While supporters and opponents of the Deferred Action for Childhood Arrivals (DACA) memorandum both reacted strongly to the U.S. Supreme Court's June 18 decision maintaining the existence of the program for now, it is important to take stock of where things stand now, and where they might be heading under various scenarios moving forward.

For those still unfamiliar with the program, DACA was created in June 2012 via a memorandum issued by then Department of Homeland Security Secretary Janet Napolitano. The program allows certain unauthorized foreign nationals who arrived in the United States as children to apply for a two-year forbearance of removal and employment authorization.

Prior to the court's decision, many commentators and public officials arguing for the rescission of DACA had argued that the court had no business reviewing the rescission of DACA because "if President Barack Obama can create DACA, President Donald Trump can rescind DACA."

The Supreme Court, however, disagreed with this argument and held that the rescission of DACA was reviewable because it "created a program for conferring affirmative immigration relief" and provided benefits to its recipients including work authorization and a Social Security number. The court therefore concluded that both "the creation of that program—and its rescission—is an 'action that provides a focus for judicial review.'" It is only because the Supreme Court held that the Trump administration's rescission of DACA was reviewable that the program survives today.

Although the recipients of DACA benefited from this conclusion last week, the future of DACA and similar programs is actually far more uncertain moving forward. One of the most noteworthy aspects of last week's DACA decision is that the court explicitly stated that it did not evaluate the "correctness of the illegality conclusion." Moving forward, this presents significant uncertainty both for future administrations and for the beneficiaries of DACA and perhaps similar expanded programs. For instance, even in the scenario that the presidential administration changes, it is not unreasonable to expect that attorneys general will look to restart their lawsuits challenging the legality of DACA for not having been issued with notice and comment rulemaking and also for violating the Immigration and Nationality Act (INA).
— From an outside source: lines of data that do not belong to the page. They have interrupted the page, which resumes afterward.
lemma event_time_fubini:
  fixes q :: "real \<Rightarrow> real"
  assumes A: "A \<in> sets P" and ab: "0 \<le> a" "a \<le> b" "b \<le> T" and q: "continuous_on {0..1} q"
  shows "(\<integral>\<omega>. indicator A \<omega> * (LINT v:{a<..b}|lborel. q (X v \<omega>)) \<partial>P)
       = (\<integral>v. indicator {a<..b} v * (\<integral>\<omega>. indicator A \<omega> * q (X (time_clamp T v) \<omega>) \<partial>P) \<partial>lborel)"
proof -
  interpret PP: pair_sigma_finite lborel P
    by (intro pair_sigma_finite.intro lborel.sigma_finite_measure_axioms sigma_finite_measure_axioms)
  have T: "T \<ge> 0" using ab by linarith
  obtain C where C: "\<And>x. \<bar>q (clamp01 x)\<bar> \<le> C" using clamp01_comp_bounded[OF q] by blast
  note J = clamped_path_jointly_measurable[OF T q]
  define f where "f v \<omega> = indicator {a<..b} v * (indicator A \<omega> * q (clamp01 (X (time_clamp T v) \<omega>)))" for v \<omega>
  have fi: "integrable (lborel \<Otimes>\<^sub>M P) (case_prod f)"
  proof (rule integrable_bounded_on_product[OF sigma_finite_measure_axioms _ _ _ ab(2),
        where B="space P" and C="\<bar>C\<bar>"])
    have "(\<lambda>p. indicator {a<..b} (fst p) * (indicator A (snd p) * q (clamp01 (X (time_clamp T (fst p)) (snd p)))))
      \<in> borel_measurable (lborel \<Otimes>\<^sub>M P)"
      by (intro borel_measurable_times J measurable_compose[OF measurable_snd borel_measurable_indicator[OF A]]
          measurable_compose[OF measurable_fst borel_measurable_indicator]) auto
    then show "case_prod f \<in> borel_measurable (lborel \<Otimes>\<^sub>M P)"
      unfolding f_def by (simp add: case_prod_beta')
    fix u \<omega> assume "\<omega> \<in> space P"
    then show "\<bar>case_prod f (u, \<omega>)\<bar> \<le> \<bar>C\<bar> * indicator ({a<..b} \<times> space P) (u, \<omega>)"
      using C[of "X (time_clamp T u) \<omega>"] by (auto simp: f_def indicator_def abs_mult)
  qed (auto simp: emeasure_space_1)
  have "(\<integral>\<omega>. indicator A \<omega> * (LINT v:{a<..b}|lborel. q (X v \<omega>)) \<partial>P) = (\<integral>\<omega>. (\<integral>v. f v \<omega> \<partial>lborel) \<partial>P)"
  proof (rule Bochner_Integration.integral_cong[OF refl])
    fix \<omega> assume \<omega>: "\<omega> \<in> space P"
    have S: "{a<..b} \<subseteq> {0..T}" using ab by auto
    show "indicator A \<omega> * (LINT v:{a<..b}|lborel. q (X v \<omega>)) = (\<integral>v. f v \<omega> \<partial>lborel)"
      unfolding time_integral_clamped[OF \<omega> S] f_def
      by (subst integral_mult_right_zero[symmetric]) (simp add: algebra_simps)
  qed
  also have "\<dots> = (\<integral>v. (\<integral>\<omega>. f v \<omega> \<partial>P) \<partial>lborel)" by (rule PP.Fubini_integral[OF fi])
  also have "\<dots> = (\<integral>v. indicator {a<..b} v * (\<integral>\<omega>. indicator A \<omega> * q (X (time_clamp T v) \<omega>) \<partial>P) \<partial>lborel)"
    unfolding f_def by (simp add: path_clamp cong: Bochner_Integration.integral_cong)
  finally show ?thesis .
qed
At some point, unless Congress intervenes, it is inevitable that the Supreme Court will have to squarely grapple with whether DACA is legal, and whether other equitable doctrines such as laches are applicable to maintain the program even if DACA is deemed to be illegal. Moreover, a new administration would be under great pressure both to update and expand DACA. In such a scenario, it would be advised to consider whether it is advisable to pursue notice and comment rulemaking and to further ground its rulemaking in specific sections of the Immigration and Nationality Act before implementing such a program. Nothing in the Supreme Court's DACA decision guarantees that a future coalition of justices would not invalidate either DACA or a future program for exceeding presidential authority under the INA. Even though DACA would have been invalidated if the court had held that its rescission was unreviewable, a future president might have had far more flexibility to adopt a new more expansive DACA program using the same doctrine of nonreviewability.
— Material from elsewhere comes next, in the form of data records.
text \<open>Induction on the size of the domain tree:
  permute the target leaves so that the children of a caret of each tree correspond, prune
  both carets, and undo the permutation afterwards.\<close>
lemma tree_pair_realized:
  assumes n: "2 \<le> n"
    and P_id: "P id" and P_comp: "\<And>f g. P f \<Longrightarrow> P g \<Longrightarrow> P (f \<circ> g)" and P_inv: "\<And>f. P f \<Longrightarrow> P (inv f)"
    and P_V_rep: "\<And>f. P f \<Longrightarrow> V_rep n f"
    and P_cone_perm: "\<And>A \<pi>. finite A \<Longrightarrow> A \<subseteq> words n \<Longrightarrow> prefix_antichain A \<Longrightarrow> bij_betw \<pi> A A
      \<Longrightarrow> P (cone_perm n A \<pi>)"
  shows "is_tree n \<tau> \<Longrightarrow> is_tree n \<tau>' \<Longrightarrow> bij_betw b (leaves n \<tau>) (leaves n \<tau>') \<Longrightarrow>
     \<exists>h. P h \<and> (\<forall>l\<in>leaves n \<tau>. \<forall>g\<in>words n. h (l @ g) = b l @ g)"
proof (induction "card \<tau>" arbitrary: \<tau> \<tau>' b rule: less_induct)
  case less
  note t = less.prems(1) and t' = less.prems(2) and bb = less.prems(3)
  let ?L = "leaves n \<tau>" and ?B = "leaves n \<tau>'"
  have n0: "0 < n" using n by simp
  have same_shape: "\<tau> \<subseteq> ?L \<longleftrightarrow> \<tau>' \<subseteq> ?B"
    using bij_betw_same_card[OF bb] card_leaves_eq_1_iff[OF t n] card_leaves_eq_1_iff[OF t' n] by simp
  show ?case
  proof (cases "\<tau> \<subseteq> ?L")
    case True
    then have "?L = {[]}" "?B = {[]}" using same_shape leaves_no_inner[OF t] leaves_no_inner[OF t'] by auto
    then have "b [] = []" using bij_betwE[OF bb] by auto
    then show ?thesis using P_id \<open>?L = {[]}\<close> by auto
  next
    case False
    obtain \<alpha> where \<alpha>: "\<alpha> \<in> \<tau>" "\<alpha> \<notin> ?L" "children n \<alpha> \<subseteq> ?L"
      using tree_caret[OF t False] by blast
    obtain \<alpha>' where \<alpha>': "\<alpha>' \<in> \<tau>'" "\<alpha>' \<notin> ?B" "children n \<alpha>' \<subseteq> ?B"
      using tree_caret[OF t'] False same_shape by blast
    obtain \<pi> where \<pi>: "bij_betw \<pi> ?B ?B" and \<pi>b: "\<And>i. i < n \<Longrightarrow> \<pi> (b (\<alpha> @ [i])) = \<alpha>' @ [i]"
      using leaf_bij_align_carets[OF bb finite_leaves[OF t'] \<alpha>(3) \<alpha>'(3)] by blast
    note prune = tree_prune_caret[OF t \<alpha> n0] and prune' = tree_prune_caret[OF t' \<alpha>' n0]
    define b1 where "b1 = \<pi> \<circ> b"
    have bb1: "bij_betw b1 ?L ?B" unfolding b1_def using bb \<pi> bij_betw_trans by blast
    have b1\<alpha>: "b1 (\<alpha> @ [i]) = \<alpha>' @ [i]" if "i < n" for i using \<pi>b[OF that] by (simp add: b1_def)
    have "bij_betw (b1(\<alpha> := \<alpha>')) (leaves n (\<tau> - children n \<alpha>)) (leaves n (\<tau>' - children n \<alpha>'))"
      unfolding prune(2) prune'(2)
      using bij_betw_prune[OF bb1 \<alpha>(3) \<alpha>'(3) image_children[OF b1\<alpha>] \<alpha>(2) \<alpha>'(2)] .
    then obtain h' where h': "P h'" "\<And>l g. l \<in> leaves n (\<tau> - children n \<alpha>) \<Longrightarrow> g \<in> words n \<Longrightarrow>
        h' (l @ g) = (b1(\<alpha> := \<alpha>')) l @ g"
      using less.hyps[OF prune(3) prune(1) prune'(1)] by blast
    have B: "finite ?B" "?B \<subseteq> words n" "prefix_antichain ?B"
      using finite_leaves[OF t'] leaves_subset is_tree_words[OF t'] leaves_prefix_antichain[OF t'] by auto
    define p where "p = cone_perm n ?B \<pi>"
    have Pp: "P p" unfolding p_def by (rule P_cone_perm[OF B \<pi>])
    have "inv p (h' (l @ g)) = b l @ g" if l: "l \<in> ?L" and g: "g \<in> words n" for l g
    proof -
      have "h' (l @ g) = \<pi> (b l) @ g"
        using realizes_unprune[OF h'(2)[unfolded prune(2)] \<alpha>(2) b1\<alpha> l g] by (simp add: b1_def)
      then show ?thesis unfolding p_def using inv_cone_perm_cone[OF B \<pi> _ g] bij_betwE[OF bb] l by simp
    qed
    then show ?thesis using P_comp[OF P_inv[OF Pp] h'(1)] by (intro exI[of _ "inv p \<circ> h'"]) simp
  qed
qed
Similarly, if the current administration is retained for another four years, it too will face challenges rescinding DACA if it uses either an updated detailed memorandum or even notice and comment rulemaking to accomplish its objective. For instance, it will be important for the administration to consider the current COVID-19 crisis when reaching its decision. While the current COVID-19 crisis might in one sense seem to support the rescission of DACA due to higher levels of unemployment, it also cuts very strongly against rescinding DACA given both how many DACA recipients are essential workers as well as how difficult detention and removal is for Immigration and Customs Enforcement during this current COVID-19 crisis. It will be very difficult to justify the need to subject DACA recipients to detention and removal in a world where the borders between many countries are closed because of COVID-19. Similarly, many DACA recipients will be able to show reliance interests in terms of investments made in education, a home, or in a business that will make any one-sized fits all rescission of DACA difficult to accomplish. Finally, given the current administrative pronouncements stating that rescission of DACA is a fait accompli, these administrative analyses of the newest factors that have arisen since the prior rescission memo may be given far less deference by courts.

Unless Congress acts moving forward, last week's DACA ruling was simply the ending of the beginning on DACA rather than the beginning of the end. There is much to be gained by all sides in reaching some Congressionally legislated certainty on the status of not only the Dreamers but also many other populations such as children who will age out of legal status while their parents wait in discriminatory green card lines as well as children of E-2 visa holders who have no recourse whatsoever. Unless Congress acts, all of these individuals, the companies and co-workers that rely upon them, their families and friends, and all of American society will unfortunately have to face many future Supreme Court decision days such as what we saw last week.

Leon Fresco is a partner in Holland & Knight's Washington, D.C., office where he focuses his practice on providing global immigration representation. Before joining Holland & Knight, he was the deputy assistant Attorney General for the Office of Immigration Litigation at the U.S. Department of Justice's civil division.